The world's first AI law: why it must protect people on the run in particular

Agreement on the first law to regulate artificial intelligence

As part of its digital strategy, the European Commission has developed a Legal act on the regulation of artificial intelligence (AI Act) was proposed to ensure better conditions for the development and use of artificial intelligence (AI) in Europe and to prevent risks. The aim of the legislators was to reconcile the advantages and opportunities of AI with the protection of fundamental rights and the prevention of threats.

After long and complicated negotiations, in December 2023 we, as Parliament, adopted a Agreement with the Council of the EU (i.e. the member states). This is the first ever regulation on the regulation of AI, which is a great success. Even though many areas of application for artificial intelligence are still being researched, it is already clear that further regulation will be needed in the future. We Greens would also have liked to see more extensive regulations, particularly with a focus on the protection of fundamental rights and vulnerable groups. For example, there is still a risk that Prejudice and discrimination are reinforced by AI. Amnesty International also shows what risks the digital age and artificial intelligence pose for the rights of asylum seekers in a detailed report on.

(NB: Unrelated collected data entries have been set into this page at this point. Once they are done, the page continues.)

(* Let $\mathcal{A}$ be a normed algebra that possesses an approximate identity, and let $x\in\mathcal{A}$. Then the right principal ideal $x\mathcal{A}=\{xa: a\in\mathcal{A}\}$ is dense in $\mathcal{A}$ if and only if $x$ is approximately right invertible in $\mathcal{A}$.
   Context: An approximate identity in a normed algebra $\mathcal{A}$ is a net $(e_j)_{j\in J}$ in $\mathcal{A}$ such that $\lim_{j} e_j y=\lim_j y e_j=y$ for every $y\in\mathcal{A}$ (convergence in norm). An element $x\in\mathcal{A}$ is approximately right invertible if there is a net $(r_j)_{j\in J}$ in $\mathcal{A}$ such that $(xr_j)_{j\in J}$ is an approximate identity in $\mathcal{A}$; it is approximately left invertible if there is a net $(l_j)_{j\in J}$ in $\mathcal{A}$ such that $(l_jx)_{j\in J}$ is an approximate identity in $\mathcal{A}$. *)

theory Defs
  imports "HOL-Analysis.Analysis"
begin

text \<open>Nets are rendered as filters: a net \<open>(e_j)\<close> over a directed set \<open>J\<close> is a function
  \<open>e :: 'j \<Rightarrow> 'a\<close> together with the (proper) section filter \<open>F\<close> of \<open>J\<close>.
  We take the index type to be the algebra itself: this loses nothing, since any net
  may be replaced by its image filter (filtermap) on the algebra.\<close>

definition approx_identity_net :: "('j \<Rightarrow> 'a::real_normed_algebra) \<Rightarrow> 'j filter \<Rightarrow> bool" where
  "approx_identity_net e F \<longleftrightarrow> F \<noteq> bot \<and>
     (\<forall>y. ((\<lambda>j. e j * y) \<longlongrightarrow> y) F \<and> ((\<lambda>j. y * e j) \<longlongrightarrow> y) F)"

definition has_approx_identity :: "'a::real_normed_algebra itself \<Rightarrow> bool" where
  "has_approx_identity _ \<longleftrightarrow> (\<exists>(e :: 'a \<Rightarrow> 'a) F. approx_identity_net e F)"

definition approx_right_invertible :: "'a::real_normed_algebra \<Rightarrow> bool" where
  "approx_right_invertible x \<longleftrightarrow>
     (\<exists>(r :: 'a \<Rightarrow> 'a) F. approx_identity_net (\<lambda>j. x * r j) F)"

end

theory Submission
  imports Defs
begin

text \<open>If \<open>x r\<^sub>j\<close> is an approximate identity, then every \<open>y\<close> is the limit of \<open>x (r\<^sub>j y)\<close>, so \<open>x\<A>\<close>
  is dense. Conversely, if \<open>x\<A>\<close> is dense and \<open>e\<^sub>j\<close> is an approximate identity, pick \<open>x s\<^sub>j\<^sub>n\<close>
  within \<open>1/(n+1)\<close> of \<open>e\<^sub>j\<close>: indexed by pairs \<open>(j, n)\<close>, these differ from the approximate
  identity \<open>e\<^sub>j\<close> by a null net, and hence form an approximate identity themselves.\<close>

lemma approx_identity_net_filtermap:
  "approx_identity_net e (filtermap g F) \<longleftrightarrow> approx_identity_net (\<lambda>i. e (g i)) F"
  unfolding approx_identity_net_def by (simp add: filterlim_filtermap filtermap_bot_iff)

lemma approx_identity_net_compose:
  assumes "approx_identity_net e F" and "filterlim g F G" and "G \<noteq> bot"
  shows "approx_identity_net (\<lambda>i. e (g i)) G"
  using assms filterlim_compose[OF _ assms(2)]
  unfolding approx_identity_net_def by blast

lemma approx_identity_net_perturb:
  assumes e: "approx_identity_net e F" and null: "((\<lambda>j. f j - e j) \<longlongrightarrow> 0) F"
  shows "approx_identity_net f F"
  unfolding approx_identity_net_def
proof (intro conjI allI)
  show "F \<noteq> bot" using e by (simp add: approx_identity_net_def)
next
  fix y
  have "((\<lambda>j. (f j - e j) * y + e j * y) \<longlongrightarrow> 0 * y + y) F"
    using e by (intro tendsto_intros null) (simp add: approx_identity_net_def)
  then show "((\<lambda>j. f j * y) \<longlongrightarrow> y) F"
    by (simp add: algebra_simps)
  have "((\<lambda>j. y * (f j - e j) + y * e j) \<longlongrightarrow> y * 0 + y) F"
    using e by (intro tendsto_intros null) (simp add: approx_identity_net_def)
  then show "((\<lambda>j. y * f j) \<longlongrightarrow> y) F"
    by (simp add: algebra_simps)
qed

text \<open>The index type in \<^const>\<open>approx_right_invertible\<close> is the algebra itself; any other
  index type is pushed forward along \<open>j \<mapsto> x r\<^sub>j\<close>, choosing a preimage of each \<open>x r\<^sub>j\<close>.\<close>

lemma approx_right_invertibleI:
  fixes x :: "'a::real_normed_algebra" and r :: "'j \<Rightarrow> 'a"
  assumes "approx_identity_net (\<lambda>j. x * r j) F"
  shows "approx_right_invertible x"
proof -
  define r' where "r' z = (SOME a. z = x * a)" for z
  have "x * r' (x * r j) = x * r j" for j
    unfolding r'_def by (rule someI_ex[where P = "\<lambda>a. x * r j = x * a", symmetric]) blast
  with assms have "approx_identity_net (\<lambda>z. x * r' z) (filtermap (\<lambda>j. x * r j) F)"
    by (simp add: approx_identity_net_filtermap)
  then show ?thesis
    unfolding approx_right_invertible_def by blast
qed

lemma dense_right_ideal_if_approx_identity_net:
  fixes x :: "'a::real_normed_algebra"
  assumes "approx_identity_net (\<lambda>j. x * r j) F"
  shows "closure {x * a | a. True} = UNIV"
proof -
  have "y \<in> closure {x * a | a. True}" for y
  proof (rule Lim_in_closed_set)
    show "((\<lambda>j. x * r j * y) \<longlongrightarrow> y) F" and "F \<noteq> bot"
      using assms by (simp_all add: approx_identity_net_def)
    show "\<forall>\<^sub>F j in F. x * r j * y \<in> closure {x * a | a. True}"
      by (intro always_eventually allI closure_subset[THEN subsetD]) (auto simp: mult.assoc)
  qed simp
  then show ?thesis by blast
qed

lemma approx_right_invertible_if_dense_right_ideal:
  fixes x :: "'a::real_normed_algebra" and e :: "'j \<Rightarrow> 'a"
  assumes e: "approx_identity_net e F" and dense: "closure {x * a | a. True} = UNIV"
  shows "approx_right_invertible x"
proof -
  have "\<exists>a. dist (x * a) (e j) < 1 / real (Suc n)" for j n
  proof -
    have "e j \<in> closure {x * a | a. True}"
      using dense by simp
    then obtain y where "y \<in> {x * a | a. True}" "dist y (e j) < 1 / real (Suc n)"
      unfolding closure_approachable by (meson divide_pos_pos of_nat_0_less_iff zero_less_Suc zero_less_one)
    then show ?thesis by blast
  qed
  then obtain s where s: "\<And>j n. dist (x * s j n) (e j) < 1 / real (Suc n)"
    by metis
  define P where "P = F \<times>\<^sub>F sequentially"
  have "P \<noteq> bot"
    using e by (simp add: P_def prod_filter_eq_bot approx_identity_net_def)
  with e have e_fst: "approx_identity_net (\<lambda>p. e (fst p)) P"
    unfolding P_def by (rule approx_identity_net_compose[OF _ filterlim_fst])
  have "((\<lambda>p. 1 / real (Suc (snd p))) \<longlongrightarrow> 0) P"
    unfolding P_def
    by (rule filterlim_compose[OF LIMSEQ_Suc[OF lim_1_over_n] filterlim_snd])
  then have "((\<lambda>p. x * s (fst p) (snd p) - e (fst p)) \<longlongrightarrow> 0) P"
  proof (rule Lim_null_comparison[rotated], intro always_eventually allI)
    show "norm (x * s (fst p) (snd p) - e (fst p)) \<le> 1 / real (Suc (snd p))" for p
      using s[of "fst p" "snd p"] by (simp add: dist_norm)
  qed
  with e_fst have "approx_identity_net (\<lambda>p. x * s (fst p) (snd p)) P"
    by (rule approx_identity_net_perturb)
  then show ?thesis
    by (rule approx_right_invertibleI)
qed

theorem theorem2p7:
  fixes x :: "'a::real_normed_algebra"
  assumes "has_approx_identity TYPE('a)"
  shows "closure {x * a | a. True} = UNIV \<longleftrightarrow> approx_right_invertible x"
proof
  obtain e :: "'a \<Rightarrow> 'a" and F where "approx_identity_net e F"
    using assms unfolding has_approx_identity_def by blast
  then show "closure {x * a | a. True} = UNIV \<Longrightarrow> approx_right_invertible x"
    by (rule approx_right_invertible_if_dense_right_ideal)
next
  show "approx_right_invertible x \<Longrightarrow> closure {x * a | a. True} = UNIV"
    unfolding approx_right_invertible_def
    using dense_right_ideal_if_approx_identity_net by blast
qed

end
text \<open>The same with a weight that is only a.e. nonnegative: replace it by its positive part,
  which agrees with it a.e. on \<open>MA\<close> and hence, through the factor map, a.e. on \<open>N\<close>.\<close>

lemma integral_factor_weight_cond_exp_AE:
  fixes N :: "'b measure" and S :: "int^'d::finite \<Rightarrow> 'b \<Rightarrow> 'b"
    and MA :: "'a measure" and TA :: "int^'d \<Rightarrow> 'a \<Rightarrow> 'a" and pa :: "'b \<Rightarrow> 'a"
    and MB :: "'c measure" and TB :: "int^'d \<Rightarrow> 'c \<Rightarrow> 'c" and pb :: "'b \<Rightarrow> 'c"
    and GA GB :: "(int^'d) set" and w :: "'a \<Rightarrow> real"
  assumes zN: "zd_system N S" and zB: "zd_system MB TB"
    and fa: "factor_map N S MA TA pa" and fb: "factor_map N S MB TB pb"
    and sA: "add_subgroup GA"
    and idA: "\<forall>g\<in>GA. \<forall>x\<in>space MA. TA g x = x" and idB: "\<forall>g\<in>GB. \<forall>x\<in>space MB. TB g x = x"
    and w[measurable]: "w \<in> borel_measurable MA" and w_int: "integrable MA w"
    and w_nonneg: "AE x in MA. 0 \<le> w x"
    and B[measurable]: "B \<in> sets MB"
  shows "(\<integral>y. w (pa y) * indicator B (pb y) \<partial>N) =
    (\<integral>y. w (pa y) * real_cond_exp MB (inv_alg MB TB (subgroup_sum GA GB)) (indicator B) (pb y) \<partial>N)"
proof -
  define w' where "w' = (\<lambda>x. max (w x) 0)"
  have [measurable]: "w' \<in> borel_measurable MA" "pa \<in> measurable N MA" "pb \<in> measurable N MB"
    and imageA: "distr N MA pa = MA"
    using fa fb unfolding w'_def factor_map_def by auto
  have "AE x in distr N MA pa. w x = w' x"
    unfolding imageA using w_nonneg by eventually_elim (simp add: w'_def)
  then have w_w': "AE y in N. w (pa y) = w' (pa y)"
    by (subst (asm) AE_distr_iff) (auto simp: w'_def)
  have weight_cong: "(\<integral>y. w (pa y) * k (pb y) \<partial>N) = (\<integral>y. w' (pa y) * k (pb y) \<partial>N)"
    if [measurable]: "k \<in> borel_measurable MB" for k
    by (rule integral_cong_AE) (measurable, rule AE_mp[OF w_w'], auto intro!: AE_I2)
  have "integrable MA w'"
    unfolding w'_def by (rule integrable_max[OF w_int]) simp
  then show ?thesis
    using integral_factor_weight_cond_exp[OF zN zB fa fb sA idA idB, of w' B]
    by (simp add: weight_cong w'_def)
qed

theorem lemma4:
  fixes G1 G2 :: "(int^'d::finite) set"
    and M1 :: "'a measure" and T1 :: "int^'d \<Rightarrow> 'a \<Rightarrow> 'a"
    and M2 :: "'c measure" and T2 :: "int^'d \<Rightarrow> 'c \<Rightarrow> 'c"
    and N :: "'b measure" and S :: "int^'d \<Rightarrow> 'b \<Rightarrow> 'b"
    and p1 :: "'b \<Rightarrow> 'a" and p2 :: "'b \<Rightarrow> 'c"
  assumes "add_subgroup G1" "add_subgroup G2"
    and "zd_system M1 T1" "zd_system M2 T2"
    and "\<forall>g\<in>G1. \<forall>x\<in>space M1. T1 g x = x" "\<forall>g\<in>G2. \<forall>x\<in>space M2. T2 g x = x"
    and "joining N S M1 T1 p1 M2 T2 p2"
    and "A1 \<in> sets M1" "A2 \<in> sets M2"
  shows "measure N (p1 -` A1 \<inter> p2 -` A2 \<inter> space N) =
    (\<integral>y. real_cond_exp M1 (inv_alg M1 T1 (subgroup_sum G1 G2)) (indicator A1) (p1 y)
        * real_cond_exp M2 (inv_alg M2 T2 (subgroup_sum G1 G2)) (indicator A2) (p2 y) \<partial>N)"
proof -
  note [measurable] = assms(8,9)
  have zN: "zd_system N S" and f1: "factor_map N S M1 T1 p1" and f2: "factor_map N S M2 T2 p2"
    using assms(7) unfolding joining_def by auto
  have [measurable]: "p1 \<in> measurable N M1" "p2 \<in> measurable N M2"
    using f1 f2 unfolding factor_map_def by auto
  have P1: "prob_space M1" and P2: "prob_space M2"
    using assms(3,4) unfolding zd_system_def by auto
  interpret M1: prob_space M1 by (rule P1)
  define E1 where "E1 = real_cond_exp M1 (inv_alg M1 T1 (subgroup_sum G1 G2)) (indicator A1)"
  define E2 where "E2 = real_cond_exp M2 (inv_alg M2 T2 (subgroup_sum G1 G2)) (indicator A2)"
  have "measure N (p1 -` A1 \<inter> p2 -` A2 \<inter> space N) =
      (\<integral>y. indicator A1 (p1 y) * indicator A2 (p2 y) \<partial>N)"
    by (rule measure_preimage_Int) measurable
  also have "\<dots> = (\<integral>y. indicator A1 (p1 y) * E2 (p2 y) \<partial>N)"
    unfolding E2_def using M1.emeasure_finite
    by (intro integral_factor_weight_cond_exp_AE[OF zN assms(4) f1 f2 assms(1,5,6)])
      (auto intro: integrable_real_indicator simp: less_top[symmetric])
  also have "\<dots> = (\<integral>y. E2 (p2 y) * E1 (p1 y) \<partial>N)"
    unfolding E1_def E2_def subgroup_sum_comm[of G1 G2] mult.commute[of "indicator A1 _"]
    using cond_exp_indicator_inv_alg[OF P2 assms(9)]
    by (intro integral_factor_weight_cond_exp_AE[OF zN assms(3) f2 f1 assms(2,6,5)]) auto
  finally show ?thesis unfolding E1_def E2_def by (simp add: mult.commute)
qed

end
lemma cmod_FA_unit:
  assumes "psi \<in> FA" "unit_vec_c 2 psi"
  shows "cmod (psi $ 0) = 1"
proof -
  have "psi \<in> carrier_vec 2" "psi $ 1 = 0"
    using assms(1) by (auto simp: FA_def)
  then have "cvec_norm psi = cmod (psi $ 0)"
    unfolding cvec_norm_def L2_set_def by (simp add: lessThan_atLeast0 sum_upto_2)
  then show ?thesis
    using unit_vec_c_cvec_norm[OF assms(2)] by simp
qed

lemma cmod_cscalar_prod_FA:
  assumes "psi \<in> FA" "unit_vec_c 2 psi" "v \<in> carrier_vec 2"
  shows "cmod (v \<bullet>c psi) = cmod (v $ 0)"
proof -
  have "psi \<in> carrier_vec 2" "psi $ 1 = 0"
    using assms(1) by (auto simp: FA_def)
  then show ?thesis
    using assms(3) cmod_FA_unit[OF assms(1,2)] by (simp add: scalar_prod_def sum_upto_2 norm_mult)
qed

definition prefix_ones :: "nat \<Rightarrow> nat \<Rightarrow> nat" where
  "prefix_ones k = (\<lambda>i. if i < k then 1 else 0)"

lemma evolve_prefix_ones:
  assumes "v \<in> FA"
  shows "evolve UA (prefix_ones k) 0 n v =
    vec 2 (\<lambda>i. v $ 0 * (if i = 0 then cos_rot (min n k) else sin_rot (min n k)))"
proof (induction n)
  case 0
  show ?case
    using assms by (intro eq_vecI) (auto simp: FA_def cos_rot_def sin_rot_def less_2_iff)
next
  case (Suc n)
  show ?case
  proof (cases "n < k")
    case True
    then have "min (Suc n) k = Suc n" "min n k = n"
      by auto
    then show ?thesis
      using True unfolding evolve.simps Suc
      by (intro eq_vecI)
        (auto simp: UA_def prefix_ones_def rot_mult_vec cos_rot_Suc sin_rot_Suc less_2_iff
          field_simps)
  next
    case False
    then have "min (Suc n) k = min n k"
      by simp
    with False show ?thesis
      unfolding evolve.simps Suc \<open>min (Suc n) k = min n k\<close> by (simp add: UA_def prefix_ones_def)
  qed
qed

lemma fD_A_zeros: "fD 2 e0 UA FA (\<lambda>_. 0) = 1"
proof (rule fD_eq_1I[OF quantum_automaton_A _ e0_FA e0_unit, where ns = id])
  show "(\<lambda>_. 0) \<in> omega_words {0, 1, 2}"
    by (simp add: omega_words_def)
  show "overlap e0 UA (\<lambda>_. 0) e0 id i = 1" for i
  proof -
    have "dist_run e0 UA (\<lambda>_. 0) e0 id i = e0"
      by (cases i) (simp_all add: UA_def e0_def)
    then show ?thesis
      using e0_unit by (simp add: overlap_def unit_vec_c_def)
  qed
qed (simp add: strict_mono_def)

definition rot_back :: "nat \<Rightarrow> nat" where
  "rot_back i = (if i = 0 then 1 else if i = 1 then 2 else 0)"

lemma fD_A_rot_back: "fD 2 e0 UA FA rot_back = 1"
proof (rule fD_eq_1I[OF quantum_automaton_A _ e0_FA e0_unit, where ns = "\<lambda>i. i + 2"])
  show "rot_back \<in> omega_words {0, 1, 2}"
    by (simp add: omega_words_def rot_back_def)
  have ns: "strict_mono (\<lambda>i::nat. i + 2)"
    by (simp add: strict_mono_def)
  then show "strict_mono (\<lambda>i::nat. i + 2)" .
  show "overlap e0 UA rot_back e0 (\<lambda>i. i + 2) i = 1" for i
  proof -
    have e0: "e0 \<in> carrier_vec 2"
      by (simp add: e0_def)
    have "dist_run e0 UA rot_back e0 (\<lambda>i. i + 2) 2 = evolve UA rot_back 0 2 e0"
      using dist_run_upto_first[OF ns, of 2] by simp
    also have "\<dots> = rot_inv *\<^sub>v (rot *\<^sub>v e0)"
      by (simp add: numeral_2_eq_2 UA_def rot_back_def)
    also have "\<dots> = (rot_inv * rot) *\<^sub>v e0"
      using assoc_mult_mat_vec[OF rot_carrier(2,1) e0] by simp
    finally have first: "dist_run e0 UA rot_back e0 (\<lambda>i. i + 2) 2 = e0"
      using e0 by (simp add: rot_rot_inv)
    have "dist_run e0 UA rot_back e0 (\<lambda>i. i + 2) (Suc j + 2) = e0" for j
      using dist_run_next_checkpoint[OF ns, of e0 UA rot_back e0 j] e0
      by (simp add: UA_def rot_back_def)
    then have "dist_run e0 UA rot_back e0 (\<lambda>i. i + 2) (i + 2) = e0"
      using first by (cases i) (simp_all add: numeral_2_eq_2 del: dist_run.simps)
    then show ?thesis
      using e0_unit by (simp add: overlap_def unit_vec_c_def)
  qed
qed

lemma fD_A_prefix_ones_less_1:
  assumes "0 < k"
  shows "fD 2 e0 UA FA (prefix_ones k) < 1"
proof -
  define c where "c = Max ((\<lambda>j. (cmod (cos_rot j))\<^sup>2) ` {1..k})"
  have "c < 1"
    unfolding c_def using assms cmod_cos_rot_less_1 by (subst Max_less_iff) auto
  have c_ge: "(cmod (cos_rot (min m k)))\<^sup>2 \<le> c" if "0 < m" for m
    unfolding c_def using that assms by (intro Max_ge) auto
  have "fD 2 e0 UA FA (prefix_ones k) \<le> c"
  proof (rule fD_leI)
    show "0 \<le> c"
      by (rule order_trans[OF zero_le_power2 c_ge[of 1]]) simp
    fix psi and ns :: "nat \<Rightarrow> nat"
    assume psi_F: "psi \<in> FA" and psi: "unit_vec_c 2 psi" and ns: "strict_mono ns"
    obtain i m v where "0 < m" and v: "v = e0 \<or> v = psi"
      and run: "dist_run e0 UA (prefix_ones k) psi ns (ns i) = evolve UA (prefix_ones k) 0 m v"
      by (rule dist_run_checkpoint_from_start[OF ns])
    have "v \<in> FA" "cmod (v $ 0) = 1"
      using v psi_F psi e0_FA e0_unit cmod_FA_unit by auto
    then have "overlap e0 UA (prefix_ones k) psi ns i = (cmod (cos_rot (min m k)))\<^sup>2"
      using run cmod_cscalar_prod_FA[OF psi_F psi]
      by (simp add: overlap_def evolve_prefix_ones norm_mult)
    with c_ge[OF \<open>0 < m\<close>] have "overlap e0 UA (prefix_ones k) psi ns i \<le> c"
      by simp
    then show "\<exists>i. overlap e0 UA (prefix_ones k) psi ns i \<le> c" ..
  qed
  with \<open>c < 1\<close> show ?thesis
    by linarith
qed

text \<open>The argument works for every \<open>lam \<ge> 0\<close>.\<close>

theorem theorem6:
  fixes lam :: real
  assumes "0 \<le> lam" and "lam < 1"
  shows "\<not> (QBA_D_eq1 \<subseteq> QBA_D_gt lam)"
proof
  let ?L = "lang_eq1 2 e0 {0, 1, 2} UA FA"
  assume "QBA_D_eq1 \<subseteq> QBA_D_gt lam"
  moreover have "?L \<in> QBA_D_eq1"
    unfolding QBA_D_eq1_def using quantum_automaton_A by blast
  ultimately obtain d s0 Sig U F where B: "quantum_automaton d s0 Sig U F"
    and L: "?L = lang_gt lam d s0 Sig U F"
    unfolding QBA_D_gt_def by blast
  have "(\<lambda>_. 0) \<in> ?L" "rot_back \<in> ?L"
    using fD_A_zeros fD_A_rot_back by (auto simp: lang_eq1_def omega_words_def rot_back_def)
  then have zeros: "(\<lambda>_. 0) \<in> omega_words Sig" "lam < fD d s0 U F (\<lambda>_. 0)"
    and "rot_back 0 \<in> Sig"
    unfolding L lang_gt_def omega_words_def by auto
  then have one: "1 \<in> Sig"
    by (simp add: rot_back_def)
  obtain k where "0 < k" and "lam < fD d s0 U F (prefix_ones k)"
    using fD_prefix_power_gt[OF B zeros(1) one assms(1) zeros(2)] by (auto simp: prefix_ones_def)
  moreover have "prefix_ones k \<in> omega_words Sig"
    using zeros(1) one by (simp add: omega_words_def prefix_ones_def)
  ultimately have "prefix_ones k \<in> ?L"
    unfolding L lang_gt_def by simp
  then show False
    using fD_A_prefix_ones_less_1[OF \<open>0 < k\<close>] by (simp add: lang_eq1_def)
qed

end
(* For $p_1,\dots,p_n\in[0,1]$, the tuple $(B_{p_1},\dots,B_{p_n})$ is jointly mixable if and only if $\sum_{i=1}^n p_i$ is an integer.
   Context: Work on an atomless probability space. $B_p$ denotes the Bernoulli distribution with mean $p$. An $n$-tuple of cdfs $\mathbf F=(F_1,\dots,F_n)$ is jointly mixable if the set $\{\text{cdf of }X_1+\dots+X_n:X_i\sim F_i\}$ contains a point mass $\delta_x$ for some $x\in\mathbb{R}$ (equivalently, there exist $X_i\sim F_i$ with $X_1+\dots+X_n$ almost surely constant). *)

theory Defs
  imports "HOL-Probability.Probability"
begin

definition atomless :: "'a measure \<Rightarrow> bool" where
  "atomless M \<longleftrightarrow> (\<forall>A\<in>sets M. 0 < emeasure M A \<longrightarrow>
     (\<exists>B\<in>sets M. B \<subseteq> A \<and> 0 < emeasure M B \<and> emeasure M B < emeasure M A))"

definition bernoulli_measure :: "real \<Rightarrow> real measure" where
  "bernoulli_measure p = distr (measure_pmf (bernoulli_pmf p)) borel (\<lambda>b. of_bool b)"

definition jointly_mixable :: "'a measure \<Rightarrow> (nat \<Rightarrow> real measure) \<Rightarrow> nat \<Rightarrow> bool" where
  "jointly_mixable M F n \<longleftrightarrow>
     (\<exists>X :: nat \<Rightarrow> 'a \<Rightarrow> real.
        (\<forall>i<n. X i \<in> borel_measurable M \<and> distr M borel (X i) = F i) \<and>
        (\<exists>c. AE \<omega> in M. (\<Sum>i<n. X i \<omega>) = c))"
(* Let $a,b,c,a',b',c',d,e,f,g$ be real numbers and let $P=P(a,b,c,a',b',c',d,e,f,g)$ be the $6\times6$ Hermitian matrix defined in the context. Then $P$ is positive semidefinite of rank $2$ if and only if $$a^2+b^2+c^2=1,\quad a'^2+b'^2+c'^2=1,\quad d=aa'+bb'+cc',\quad e=b'c-bc',\quad f=ac'-a'c,\quad g=a'b-ab'.$$ Moreover, in that case $P=QQ^{\mathrm H}$, where $Q$ is the $6\times 2$ matrix $$Q=\begin{pmatrix}1&0\\0&1\\ ci & b+ai\\ -b+ai & -ci\\ c'i & b'+a'i\\ -b'+a'i & -c'i\end{pmatrix}.$$
   Context: $i=\sqrt{-1}$, $\cdot^{\mathrm H}$ is the conjugate transpose. For real $a,b,c,a',b',c',d,e,f,g$, define the $6\times 6$ complex matrix $$P(a,b,c,a',b',c',d,e,f,g)=\begin{pmatrix} 1&0&-ci&-b-ai&-c'i&-b'-a'i\\ 0&1&b-ai&ci&b'-a'i&c'i\\ ci&b+ai&1&0&d-gi&-f-ei\\ -b+ai&-ci&0&1&f-ei&d+gi\\ c'i&b'+a'i&d+gi&f+ei&1&0\\ -b'+a'i&-c'i&-f+ei&d-gi&0&1 \end{pmatrix},$$ which is Hermitian. *)

theory Defs
  imports "Jordan_Normal_Form.Schur_Decomposition" "Jordan_Normal_Form.DL_Rank"
begin

definition psd_mat :: "complex mat \<Rightarrow> bool" where
  "psd_mat A \<longleftrightarrow> A \<in> carrier_mat (dim_row A) (dim_row A) \<and> mat_adjoint A = A \<and>
     (\<forall>x \<in> carrier_vec (dim_row A). conjugate x \<bullet> (A *\<^sub>v x) \<ge> 0)"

The dangers of artificial intelligence using the example of migration control management

At the Border protection has unfortunately not succeededThe use of artificial intelligence is also a major challenge, as is the regulation of real-time monitoring and other measures. Furthermore, the use of artificial intelligence great danger that the rights of marginalized groups of peoplefor example of asylum seekers or migrants, are violated. This can happen through profiling, automated "risk assessments" and pervasive surveillance practices. EU governments are increasingly deploying AI-powered surveillance systems at borders. These systems use algorithms to analyze data from cameras, drones and sensors to help border guards make decisions in real time. AI is also to be used in asylum procedures, for example in the processing of asylum applications. This can lead to relevant misjudgements and complicated, bureaucratic procedures. The AI Act will only make a limited contribution to preventing such risks.

Certain AI applications raise significant ethical and legal concerns, such as Lie detectors and Biometric recognition systems. This is where the AI Act comes in and regulates such surveillance options. However, we Greens have not been able to assert ourselves in all areas, meaning that there is still a risk of misuse of the technology in border surveillance, for example. There is currently a clear lack of reliable data on the susceptibility of such technologies to errors, particularly in the case of facial recognition. Such systems carry the risk of violating fundamental human rights, such as the right to privacy and the principle of non-refoulement, which prohibits turning people back to areas where they are in imminent danger.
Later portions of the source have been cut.